Van Gennep elucida, em seu livro Os Ritos de Passagem (1977), que um indivíduo, ao
longo de sua vida, realiza sucessivas transposições de fronteiras de um nível social para outro.
Estas experiências de transposição de níveis sociais são celebradas nas comunidades em
cerimônias de iniciação que o autor denomina de ritos de passagem. Dentre estes, os mais
significativos são aqueles associados à puberdade, que demarcam socialmente a passagem da
infância para a vida adulta.
Florenzano, em seu livro Nascer, Viver e Morrer na Grécia Antiga (1996), amplia as
reflexões de Gennep e discute como, na Grécia Antiga, o ritual do casamento constituía o rito
de passagem principal das meninas gregas. A cerimônia do casamento estava associada a uma
experiência de rapto e de morte simbólica, já que o seu modelo mítico seria o rapto de
Perséfone pelo deus dos mortos. Esta identificação simbólica entre casamento e morte
buscava preparar ritualmente as moças para a sua separação brusca do grupo social das
crianças e sua entrada no grupo social da mulher adulta.
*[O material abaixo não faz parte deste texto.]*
lemma rip_inner_deviation_le:
  fixes U :: "real^'d^'n"
  assumes A: "card A \<le> s" and u: "supp_vec u \<subseteq> A" and u': "supp_vec u' \<subseteq> A"
  shows "\<bar>u \<bullet> u' - (U *v u) \<bullet> (U *v u')\<bar> \<le> rip_const U s * norm u * norm u'"
proof -
  define \<delta> where "\<delta> = rip_const U s"
  have unit: "\<bar>p \<bullet> q - (U *v p) \<bullet> (U *v q)\<bar> \<le> \<delta>"
    if p: "supp_vec p \<subseteq> A" "norm p = 1" and q: "supp_vec q \<subseteq> A" "norm q = 1" for p q
  proof -
    have plus: "\<bar>(norm (p + q))\<^sup>2 - (norm (U *v (p + q)))\<^sup>2\<bar> \<le> \<delta> * (norm (p + q))\<^sup>2"
      unfolding \<delta>_def using supp_vec_add[of p q] p q by (intro rip_const_le[OF A]) blast
    have minus: "\<bar>(norm (p - q))\<^sup>2 - (norm (U *v (p - q)))\<^sup>2\<bar> \<le> \<delta> * (norm (p - q))\<^sup>2"
      unfolding \<delta>_def using supp_vec_diff[of p q] p q by (intro rip_const_le[OF A]) blast
    \<comment> \<open>polarization, together with the parallelogram law \<open>\<parallel>p+q\<parallel>\<^sup>2 + \<parallel>p-q\<parallel>\<^sup>2 = 4\<close>\<close>
    have "4 * (p \<bullet> q - (U *v p) \<bullet> (U *v q))
        = ((norm (p + q))\<^sup>2 - (norm (U *v (p + q)))\<^sup>2)
          - ((norm (p - q))\<^sup>2 - (norm (U *v (p - q)))\<^sup>2)"
      by (simp add: power2_norm_eq_inner algebra_simps inner_commute)
    moreover have "(norm (p + q))\<^sup>2 + (norm (p - q))\<^sup>2 = 4"
      using p q by (simp add: norm_eq_1 power2_norm_eq_inner algebra_simps inner_commute)
    then have "\<delta> * (norm (p + q))\<^sup>2 + \<delta> * (norm (p - q))\<^sup>2 = 4 * \<delta>"
      by (simp flip: distrib_left)
    ultimately show ?thesis
      using plus minus by (simp add: abs_le_iff)
  qed
  show ?thesis
  proof (cases "u = 0 \<or> u' = 0")
    case True
    then show ?thesis by auto
  next
    case False
    then have n: "norm u > 0" "norm u' > 0" by auto
    have "\<bar>(u /\<^sub>R norm u) \<bullet> (u' /\<^sub>R norm u') - (U *v (u /\<^sub>R norm u)) \<bullet> (U *v (u' /\<^sub>R norm u'))\<bar> \<le> \<delta>"
      using u u' n by (intro unit) (auto simp: supp_vec_def)
    moreover have "(u /\<^sub>R norm u) \<bullet> (u' /\<^sub>R norm u') - (U *v (u /\<^sub>R norm u)) \<bullet> (U *v (u' /\<^sub>R norm u'))
        = (u \<bullet> u' - (U *v u) \<bullet> (U *v u')) / (norm u * norm u')"
      by (simp add: matrix_vector_mult_scaleR divide_inverse algebra_simps)
    ultimately have "\<bar>u \<bullet> u' - (U *v u) \<bullet> (U *v u')\<bar> / (norm u * norm u') \<le> \<delta>"
      using n by (simp add: abs_div)
    then show ?thesis
      using n by (simp add: \<delta>_def divide_le_eq mult.assoc)
  qed
qed

lemma norm_add_norm_le_sqrt2_norm:
  fixes a b :: "'a::real_inner"
  assumes "a \<bullet> b = 0"
  shows "norm a + norm b \<le> sqrt 2 * norm (a + b)"
proof -
  have "(norm (a + b))\<^sup>2 = (norm a)\<^sup>2 + (norm b)\<^sup>2"
    using assms by (intro norm_add_Pythagorean) (simp add: orthogonal_def)
  then have "(norm a + norm b)\<^sup>2 \<le> 2 * (norm (a + b))\<^sup>2"
    using zero_le_power2[of "norm a - norm b"] by (simp add: power2_eq_square algebra_simps)
  then have "norm a + norm b \<le> sqrt (2 * (norm (a + b))\<^sup>2)"
    by (rule real_le_rsqrt)
  then show ?thesis
    by (simp add: real_sqrt_mult)
qed

text \<open>The parts of \<open>v\<close> and \<open>h\<close> on the common set \<open>A\<close> are controlled by \<open>\<delta>\<^sub>s\<close>, the two
  cross terms by \<open>\<theta>\<^sub>s\<^sub>,\<^sub>s\<close>; the \<open>\<surd>2\<close> comes from \<open>\<parallel>h\<^sub>S\<parallel> + \<parallel>h\<^sub>A\<parallel> \<le> \<surd>2 \<parallel>h\<parallel>\<close>.\<close>

lemma inner_gram_deviation_le:
  fixes U :: "real^'d^'n"
  assumes T: "card T \<le> s" and S: "card S \<le> s" and A: "card A \<le> s" and TS: "T \<inter> S = {}"
    and v: "supp_vec v \<subseteq> T" and h: "supp_vec h \<subseteq> S \<union> A"
  shows "\<bar>v \<bullet> h - (U *v v) \<bullet> (U *v h)\<bar>
    \<le> (rip_const U s + sqrt 2 * rop_const U s) * norm v * norm h"
proof -
  define \<delta> \<theta> where "\<delta> = rip_const U s" and "\<theta> = rop_const U s"
  define h\<^sub>S h\<^sub>A where "h\<^sub>S = restrict_vec S h" and "h\<^sub>A = restrict_vec (- S) h"
  define v\<^sub>A v\<^sub>T where "v\<^sub>A = restrict_vec A v" and "v\<^sub>T = restrict_vec (- A) v"
  have supp: "supp_vec h\<^sub>S \<subseteq> S" "supp_vec h\<^sub>A \<subseteq> A - S" "supp_vec v\<^sub>A \<subseteq> A" "supp_vec v\<^sub>T \<subseteq> T - A"
    using h v by (auto simp: h\<^sub>S_def h\<^sub>A_def v\<^sub>A_def v\<^sub>T_def supp_vec_restrict_vec)
  have "v \<bullet> h\<^sub>S = 0" "v\<^sub>T \<bullet> h\<^sub>A = 0" "h\<^sub>S \<bullet> h\<^sub>A = 0"
    using supp v TS by (auto intro!: inner_eq_0_if_disjoint_supp)
  moreover have "h = h\<^sub>S + h\<^sub>A" "v = v\<^sub>A + v\<^sub>T"
    by (simp_all add: h\<^sub>S_def h\<^sub>A_def v\<^sub>A_def v\<^sub>T_def restrict_vec_add_Compl)
  ultimately have split: "v \<bullet> h - (U *v v) \<bullet> (U *v h)
      = (v\<^sub>A \<bullet> h\<^sub>A - (U *v v\<^sub>A) \<bullet> (U *v h\<^sub>A)) - (U *v v\<^sub>T) \<bullet> (U *v h\<^sub>A) - (U *v v) \<bullet> (U *v h\<^sub>S)"
    by (simp add: inner_add matrix_vector_right_distrib algebra_simps)
  have "card (T - A) \<le> s"
    using T card_mono[of T "T - A"] by simp
  then have "\<bar>(U *v v\<^sub>T) \<bullet> (U *v h\<^sub>A)\<bar> \<le> \<theta> * norm v\<^sub>T * norm h\<^sub>A"
    unfolding \<theta>_def using supp A by (intro rop_const_le[of "T - A" s A]) auto
  moreover have "\<bar>(U *v v) \<bullet> (U *v h\<^sub>S)\<bar> \<le> \<theta> * norm v * norm h\<^sub>S"
    unfolding \<theta>_def using supp by (intro rop_const_le[OF T S TS v]) auto
  moreover have "\<bar>v\<^sub>A \<bullet> h\<^sub>A - (U *v v\<^sub>A) \<bullet> (U *v h\<^sub>A)\<bar> \<le> \<delta> * norm v\<^sub>A * norm h\<^sub>A"
    unfolding \<delta>_def using supp by (intro rip_inner_deviation_le[OF A]) auto
  moreover have "\<delta> * norm v\<^sub>A * norm h\<^sub>A \<le> \<delta> * norm v * norm h"
    and "\<theta> * norm v\<^sub>T * norm h\<^sub>A \<le> \<theta> * norm v * norm h\<^sub>A"
    using norm_restrict_vec_le rip_const_nonneg rop_const_nonneg
    by (auto simp: \<delta>_def \<theta>_def v\<^sub>A_def v\<^sub>T_def h\<^sub>A_def intro!: mult_mono mult_right_mono)
  ultimately have "\<bar>v \<bullet> h - (U *v v) \<bullet> (U *v h)\<bar>
      \<le> \<delta> * norm v * norm h + (\<theta> * norm v) * (norm h\<^sub>S + norm h\<^sub>A)"
    unfolding split by (simp add: algebra_simps abs_le_iff)
  also have "\<dots> \<le> \<delta> * norm v * norm h + (\<theta> * norm v) * (sqrt 2 * norm h)"
    using \<open>h = h\<^sub>S + h\<^sub>A\<close> \<open>h\<^sub>S \<bullet> h\<^sub>A = 0\<close>
    by (intro add_left_mono mult_left_mono)
       (simp_all add: \<theta>_def rop_const_nonneg norm_add_norm_le_sqrt2_norm)
  finally show ?thesis
    by (simp add: \<delta>_def \<theta>_def algebra_simps)
qed

lemma supp_vec_alg_step:
  assumes "lam > 0"
  shows "supp_vec (alg_step U y lam x) = {i. lam < \<bar>(x - transpose U *v (U *v x - y)) $ i\<bar>}"
  using assms by (auto simp: alg_step_def supp_vec_def sgn_if Let_def split: if_splits)

lemma card_mult_sq_less_norm_restrict_vec:
  assumes T: "T \<subseteq> {i. lam < \<bar>w $ i\<bar>}" "T \<noteq> {}" and lam: "lam \<ge> 0"
  shows "real (card T) * lam\<^sup>2 < (norm (restrict_vec T w))\<^sup>2"
proof -
  have "lam\<^sup>2 < (w $ i)\<^sup>2" if "i \<in> T" for i
    using T that lam power_strict_mono[of lam "\<bar>w $ i\<bar>" 2] by auto
  then have "(\<Sum>i\<in>T. lam\<^sup>2) < (\<Sum>i\<in>T. (w $ i)\<^sup>2)"
    using T by (intro sum_strict_mono) auto
  also have "\<dots> = (\<Sum>i\<in>UNIV. if i \<in> T then (w $ i)\<^sup>2 else 0)"
    by (simp add: sum.If_cases)
  also have "\<dots> = (norm (restrict_vec T w))\<^sup>2"
    unfolding power2_norm_eq_inner inner_vec_def restrict_vec_def
    by (intro sum.cong) (auto simp: power2_eq_square)
  finally show ?thesis
    by simp
qed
Tanto o relato do Hino Homérico quanto o conto O Búfalo se referem a uma experiência
de transformação iniciática das personagens através do contato com o masculino. O rapto de
Perséfone, de um lado, e o encontro com o búfalo da personagem de Clarice, de outro,
representariam um rito de passagem, uma experiência de morte simbólica da menina que se
transforma na mulher a partir de seu confronto com o desconhecido. O sombrio deus da morte
e o negro búfalo expressam a entrada das personagens no mundo obscuro e novo da vida
adulta e da sexualidade.
Bibliografia
FLORENZANO, Maria Beatriz. Nascer, Viver e Morrer na Grécia Antiga. São Paulo:
Atual Editora, 1996.
LISPECTOR, Clarice. Laços de Família (1960). Rio de Janeiro: Rocco, 1998.
RIBEIRO Júnior. Hinos homéricos. São Paulo: Unesp, 2010.
SEABRA, Zelita. Identidade Feminina. Petrópolis: Vozes, 1985.
VAN GENNEP, Arnold. Os Ritos de Passagem. Petrópolis: Vozes, 1977.